【PostgreSQL案例】我要查的表没有在执行计划中

🕗 发布于 2024-07-26 11:17 postgresql 数据库 执行计划

问题：查的表没有在执行计划中

sql：

SELECT
  *
FROM
  (
    SELECT
      A.column1 as "column1",
      --中间省略很多A字段
      A.column99 as "column99"
    from
      table_a A
      left join (
        SELECT
          lzl_id
        from
          table_a AA
          inner join table_b BB ON AA.lzl_key = BB.lzl_id
        where
          AA.column_code = '1'
        GROUP BY
          lzl_id
      ) B ON B.lzl_id = A.lzl_key
    where
      A.flagflagflag = '1'
      AND A.typetypetype = '2'
  ) TEMP
limit
  100
offset
  1000

执行计划：

                                                            QUERY PLAN                                                            
----------------------------------------------------------------------------------------------------------------------------------
 Limit  (cost=2.84..5.68 rows=1 width=1105) (actual time=0.038..0.039 rows=0 loops=1)
   Buffers: shared hit=2
   ->  Seq Scan on table_a a  (cost=0.00..2.84 rows=1 width=1105) (actual time=0.036..0.037 rows=0 loops=1)
         Filter: (((flagflagflag)::text = '1'::text) AND ((typetypetype)::text = '2'::text))
         Rows Removed by Filter: 38
         Buffers: shared hit=2
 Planning Time: 0.184 ms
 Execution Time: 0.066 ms

可以看到，sql本身是比较复杂的，SQL的逻辑查了3次表，总共查了2张表。
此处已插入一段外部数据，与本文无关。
(* Let $\mathcal V\cong\mathbb R^d$ be a finite-dimensional real normed space, $\mathcal X\subseteq\mathcal V$ convex, and $f:\mathcal V\to\mathbb R\cup\{+\infty\}$ proper, lower semicontinuous and convex with $\operatorname{dom} f=\mathcal X$ and nonempty solution set. Let $h$ be a Bregman function on $\mathcal X$ and suppose $f$ is relatively continuous with constant $G$. Then the Bregman residuals $\delta_t$ of AdaMir run with perfect (sub)gradients satisfy $\delta_t^2\le2G^2$ for all $t\ge1$.
   Context: $\mathcal V^*$ denotes the dual space with pairing $\langle\cdot,\cdot\rangle$. For $x\in\operatorname{dom}\partial f$, $\nabla f(x)$ denotes a fixed selection of $\partial f(x)$. A Bregman function on $\mathcal X$ is a convex lower semicontinuous $h:\mathcal V\to\mathbb R\cup\{+\infty\}$ with $\operatorname{dom}\partial h\subseteq\mathcal X\subseteq\operatorname{dom}h$, whose subdifferential admits a continuous selection $\nabla h(x)\in\partial h(x)$ on $\operatorname{dom}\partial h$, and which is $K$-strongly convex for some $K>0$: $h(x')\ge h(x)+\langle\nabla h(x),x'-x\rangle+\frac K2\|x'-x\|^2$ for all $x,x'\in\operatorname{dom}\partial h$. Bregman divergence: $D(p,x)=h(p)-h(x)-\langle\nabla h(x),p-x\rangle$; prox-mapping: $P_x(y)=\arg\min_{x'\in\mathcal X}\{\langle y,x-x'\rangle+D(x',x)\}$ for $x\in\operatorname{dom}\partial h$, $y\in\mathcal V^*$. AdaMir with perfect gradients: pick $x_0\neq x_1$ in $\operatorname{dom}\partial h$, $\delta_0=[D(x_0,x_1)+D(x_1,x_0)]^{1/2}$. For $t=1,2,\dots$: $\gamma_t=\big(\sum_{s=0}^{t-1}\delta_s^2\big)^{-1/2}$, $x_{t+1}=P_{x_t}(-\gamma_t\nabla f(x_t))$, $\delta_t=[D(x_t,x_{t+1})+D(x_{t+1},x_t)]^{1/2}/\gamma_t$. $f$ is relatively continuous with constant $G>0$ if $f(x)-f(x')\le\langle\nabla f(x),x-x'\rangle\le G\sqrt{2D(x',x)}$ for all $x\in\operatorname{dom}\partial h$, $x'\in\operatorname{dom}h$. *)

theory Defs
  imports "HOL-Analysis.Analysis"
begin

text \<open>The finite-dimensional space V is modelled by a type of class euclidean_space;
  its dual V* is identified with V via the inner product, so the pairing
  between a dual vector y and a primal vector x is the inner product y \<bullet> x.
  The norm of V is an arbitrary norm function nrm (not necessarily the Euclidean one).\<close>

definition is_norm :: "('a::real_vector \<Rightarrow> real) \<Rightarrow> bool" where
  "is_norm N \<longleftrightarrow> (\<forall>x. N x \<ge> 0) \<and> (\<forall>x. N x = 0 \<longleftrightarrow> x = 0) \<and>
     (\<forall>c x. N (c *\<^sub>R x) = \<bar>c\<bar> * N x) \<and> (\<forall>x y. N (x + y) \<le> N x + N y)"

definition edom :: "('a \<Rightarrow> ereal) \<Rightarrow> 'a set" where
  "edom f = {x. f x < \<infinity>}"

definition proper_fun :: "('a \<Rightarrow> ereal) \<Rightarrow> bool" where
  "proper_fun f \<longleftrightarrow> (\<forall>x. f x \<noteq> -\<infinity>) \<and> edom f \<noteq> {}"

definition lsc_fun :: "('a::topological_space \<Rightarrow> ereal) \<Rightarrow> bool" where
  "lsc_fun f \<longleftrightarrow> (\<forall>a. closed {x. f x \<le> a})"

definition convex_fun :: "('a::real_vector \<Rightarrow> ereal) \<Rightarrow> bool" where
  "convex_fun f \<longleftrightarrow> (\<forall>x y t. 0 < t \<and> t < 1 \<longrightarrow>
      f ((1 - t) *\<^sub>R x + t *\<^sub>R y) \<le> ereal (1 - t) * f x + ereal t * f y)"

definition subdiff :: "('a::real_inner \<Rightarrow> ereal) \<Rightarrow> 'a \<Rightarrow> 'a set" where
  "subdiff f x = {g. f x < \<infinity> \<and> (\<forall>x'. f x' \<ge> f x + ereal (g \<bullet> (x' - x)))}"

definition dom_subdiff :: "('a::real_inner \<Rightarrow> ereal) \<Rightarrow> 'a set" where
  "dom_subdiff f = {x. subdiff f x \<noteq> {}}"

definition bregman_function ::
  "('a::real_inner \<Rightarrow> real) \<Rightarrow> 'a set \<Rightarrow> ('a \<Rightarrow> ereal) \<Rightarrow> ('a \<Rightarrow> 'a) \<Rightarrow> bool" where
  "bregman_function N X h gh \<longleftrightarrow>
     convex_fun h \<and> lsc_fun h \<and> (\<forall>x. h x \<noteq> -\<infinity>) \<and>
     dom_subdiff h \<subseteq> X \<and> X \<subseteq> edom h \<and>
     (\<forall>x\<in>dom_subdiff h. gh x \<in> subdiff h x) \<and>
     continuous_on (dom_subdiff h) gh \<and>
     (\<exists>K>0. \<forall>x\<in>dom_subdiff h. \<forall>x'\<in>dom_subdiff h.
        h x' \<ge> h x + ereal (gh x \<bullet> (x' - x)) + ereal (K / 2 * (N (x' - x))\<^sup>2))"

definition breg :: "('a::real_inner \<Rightarrow> ereal) \<Rightarrow> ('a \<Rightarrow> 'a) \<Rightarrow> 'a \<Rightarrow> 'a \<Rightarrow> ereal" where
  "breg h gh p x = h p - h x - ereal (gh x \<bullet> (p - x))"

definition prox :: "'a set \<Rightarrow> ('a::real_inner \<Rightarrow> ereal) \<Rightarrow> ('a \<Rightarrow> 'a) \<Rightarrow> 'a \<Rightarrow> 'a \<Rightarrow> 'a" where
  "prox X h gh x y = (SOME x'. x' \<in> X \<and>
      (\<forall>z\<in>X. ereal (y \<bullet> (x - x')) + breg h gh x' x \<le> ereal (y \<bullet> (x - z)) + breg h gh z x))"

definition rel_continuous ::
  "('a::real_inner \<Rightarrow> ereal) \<Rightarrow> ('a \<Rightarrow> 'a) \<Rightarrow> ('a \<Rightarrow> ereal) \<Rightarrow> ('a \<Rightarrow> 'a) \<Rightarrow> real \<Rightarrow> bool" where
  "rel_continuous f gf h gh G \<longleftrightarrow>
     (\<forall>x\<in>dom_subdiff h. \<forall>x'\<in>edom h.
        f x - f x' \<le> ereal (gf x \<bullet> (x - x')) \<and>
        gf x \<bullet> (x - x') \<le> G * sqrt (2 * real_of_ereal (breg h gh x' x)))"

end

theory Submission
  imports Defs
begin

text \<open>Write c = \<nabla>h(q) - \<gamma>\<nabla>f(q) for a step from q to p = P_q(-\<gamma>\<nabla>f(q)).
  On X the prox objective is h - \<langle>c,\<cdot>\<rangle> up to a constant, and h - \<langle>c,\<cdot>\<rangle> attains its
  minimum (h is lower semicontinuous and, by strong convexity, coercive), so c \<in> \<partial>h(p).
  The selection \<nabla>h(p) may differ from c, but dom \<partial>h is dense in dom h (proximal points
  of h), so monotonicity of \<partial>h and continuity of \<nabla>h give \<langle>\<nabla>h(p) - c, q - p\<rangle> \<ge> 0.
  Therefore D(q,p) + D(p,q) = \<langle>\<nabla>h(q) - \<nabla>h(p), q - p\<rangle> \<le> \<gamma>\<langle>\<nabla>f(q), q - p\<rangle>
  \<le> \<gamma>G sqrt(2 D(p,q)) \<le> \<gamma>G sqrt(2 (D(q,p) + D(p,q))), that is
  \<delta>^2 = (D(q,p) + D(p,q))/\<gamma>^2 \<le> 2G^2.\<close>

lemma is_norm_convex_on:
  assumes "is_norm N"
  shows "convex_on UNIV N"
proof
  fix t :: real and u v
  assume "0 < t" "t < 1"
  then show "N ((1 - t) *\<^sub>R u + t *\<^sub>R v) \<le> (1 - t) * N u + t * N v"
    using assms unfolding is_norm_def by (metis abs_of_pos diff_gt_0_iff_gt)
qed simp

lemma is_norm_continuous:
  fixes N :: "'a::euclidean_space \<Rightarrow> real"
  assumes "is_norm N"
  shows "continuous_on UNIV N"
  using convex_on_continuous[OF open_UNIV is_norm_convex_on[OF assms]] .

lemma is_norm_ge_norm:
  fixes N :: "'a::euclidean_space \<Rightarrow> real"
  assumes "is_norm N"
  obtains m where "m > 0" "\<And>v. m * norm v \<le> N v"
proof -
  have "sphere (0::'a) 1 \<noteq> {}" by simp
  then obtain u where u: "u \<in> sphere (0::'a) 1" "\<forall>v\<in>sphere 0 1. N u \<le> N v"
    using continuous_attains_inf[OF compact_sphere _ continuous_on_subset[OF is_norm_continuous[OF assms] subset_UNIV]]
    by blast
  have "N u > 0"
    using u(1) assms unfolding is_norm_def by (metis less_eq_real_def norm_zero mem_sphere_0 zero_neq_one)
  moreover have "N u * norm v \<le> N v" for v
  proof (cases "v = 0")
    case False
    then have "N u \<le> N ((1 / norm v) *\<^sub>R v)" using u by simp
    with False show ?thesis using assms unfolding is_norm_def by (simp add: field_simps)
  qed (use assms in \<open>simp add: is_norm_def\<close>)
  ultimately show thesis using that by blast
qed

lemma lsc_fun_iff_open: "lsc_fun f \<longleftrightarrow> (\<forall>a. open {x. a < f x})"
  unfolding lsc_fun_def closed_def by (simp add: Compl_eq not_le)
table_a 在执行计划中我可以理解，但是需要查的table_b根本没在执行计划里面！这个执行计划只不过是简单的全表扫描了table_a。

分析的心路历程

中间其实想过很多可能，不过最有可能的是逻辑优化了，也就是说pg优化器认为table_b不需要查。
观察sql发现sql最终只查询了table_a的字段，没有查table_b。此时任意增加一个中间表B的字段，sql执行计划看上去就“正常”了，访问了table_b

explain SELECT
  *
FROM
  (
    SELECT
      A.column1 as "column1",
      --中间省略很多A字段
      A.column99 as "column99",
      B.lzl_id --新增一个B中间表的字段
    from
      table_a A
      left join (
        SELECT
          lzl_id
        from
          table_a AA
          inner join table_b BB ON AA.lzl_key = BB.lzl_id
        where
          AA.column_code = '1'
        GROUP BY
          lzl_id
      ) B ON B.lzl_id = A.lzl_key
    where
      A.flagflagflag = '1'
      AND A.typetypetype = '2'
  ) TEMP
limit
  100
offset
  1000

---------------------------------------------------------------------------------------------------------------------------------------------------------------
 Limit  (cost=14.69..17.67 rows=1 width=1113)
   ->  Nested Loop Left Join  (cost=11.72..14.69 rows=1 width=1113)
         Join Filter: (bb.lzl_id = a.lzl_key)
         ->  Seq Scan on table_a a  (cost=0.00..2.84 rows=1 width=1113)
               Filter: (((flagflagflag)::text = '1'::text) AND ((typetypetype)::text = '2'::text))
         ->  Group  (cost=11.72..11.74 rows=5 width=8)
               Group Key: bb.lzl_id
               ->  Sort  (cost=11.72..11.73 rows=5 width=8)
                     Sort Key: bb.lzl_id
                     ->  Nested Loop  (cost=0.15..11.66 rows=5 width=8)
                           ->  Seq Scan on table_a aa  (cost=0.00..2.70 rows=1 width=8)
                                 Filter: ((company_code)::text = '1'::text)
                           ->  Index Only Scan using idx_table_b_lzl_id on table_b bb  (cost=0.15..8.83 rows=13 width=8)
                                 Index Cond: (lzl_id = aa.lzl_key)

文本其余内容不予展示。